WORK ITEM:
Tally every line of the listing where the string "else" is found, and state the total alone.

::: RECORDS FOR THIS EXERCISE

lemma path_component_GLm_cong:
  assumes "detm N A \<noteq> 0" "\<And>i j. i < N \<Longrightarrow> j < N \<Longrightarrow> A i j = B i j"
  shows "path_component (GLm N) A B"
proof (rule path_component_GLmI[where g = "\<lambda>t i j. (1 - t) * A i j + t * B i j"])
  have "detm N (\<lambda>i j. (1 - t) * A i j + t * B i j) = detm N A" for t
    by (rule detm_cong) (simp add: assms(2) algebra_simps)
  then show "detm N (\<lambda>i j. (1 - t) * A i j + t * B i j) \<noteq> 0" for t using assms(1) by simp
qed (auto intro!: continuous_intros)

definition row_rotate :: "nat \<Rightarrow> nat \<Rightarrow> rmat \<Rightarrow> rmat" where
  "row_rotate k l A = (\<lambda>i j. if i = k then A l j else if i = l then - A k j else A i j)"

lemma row_rotate_eq_row_adds:
  "k \<noteq> l \<Longrightarrow> row_rotate k l A = row_add 1 k l (row_add (-1) l k (row_add 1 k l A))"
  by (auto simp: row_add_def row_rotate_def fun_eq_iff)

lemma path_component_row_rotate:
  assumes "k < N" "l < N" "k \<noteq> l" "detm N A \<noteq> 0"
  shows "path_component (GLm N) A (row_rotate k l A) \<and> detm N (row_rotate k l A) = detm N A"
proof -
  let ?A1 = "row_add 1 k l A"
  let ?A2 = "row_add (-1) l k ?A1"
  have d1: "detm N ?A1 = detm N A" and d2: "detm N ?A2 = detm N A"
    using assms by (simp_all add: detm_row_add)
  have "path_component (GLm N) A ?A1" "path_component (GLm N) ?A1 ?A2"
    "path_component (GLm N) ?A2 (row_add 1 k l ?A2)"
    using assms d1 d2 by (auto intro: path_component_row_add)
  then show ?thesis
    using assms d2 row_rotate_eq_row_adds[OF assms(3)]
    by (auto simp: detm_row_add intro: path_component_trans)
qed

text \<open>Rotating twice by a quarter turn negates two rows without leaving the component.\<close>

lemma path_component_rows_neg:
  assumes "k < N" "l < N" "k \<noteq> l" "detm N A \<noteq> 0"
  shows "path_component (GLm N) A (\<lambda>i j. if i = k \<or> i = l then - A i j else A i j)
       \<and> detm N (\<lambda>i j. if i = k \<or> i = l then - A i j else A i j) = detm N A"
proof -
  let ?R = "row_rotate k l A"
  have R: "path_component (GLm N) A ?R" "detm N ?R = detm N A"
    using path_component_row_rotate[OF assms] by auto
  then have "path_component (GLm N) ?R (row_rotate k l ?R)" "detm N (row_rotate k l ?R) = detm N A"
    using path_component_row_rotate[OF assms(1-3), of ?R] assms(4) by auto
  moreover have "row_rotate k l ?R = (\<lambda>i j. if i = k \<or> i = l then - A i j else A i j)"
    using assms(3) by (auto simp: row_rotate_def fun_eq_iff)
  ultimately show ?thesis using R(1) path_component_trans by metis
qed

::::::

FINISHED EXERCISE:
4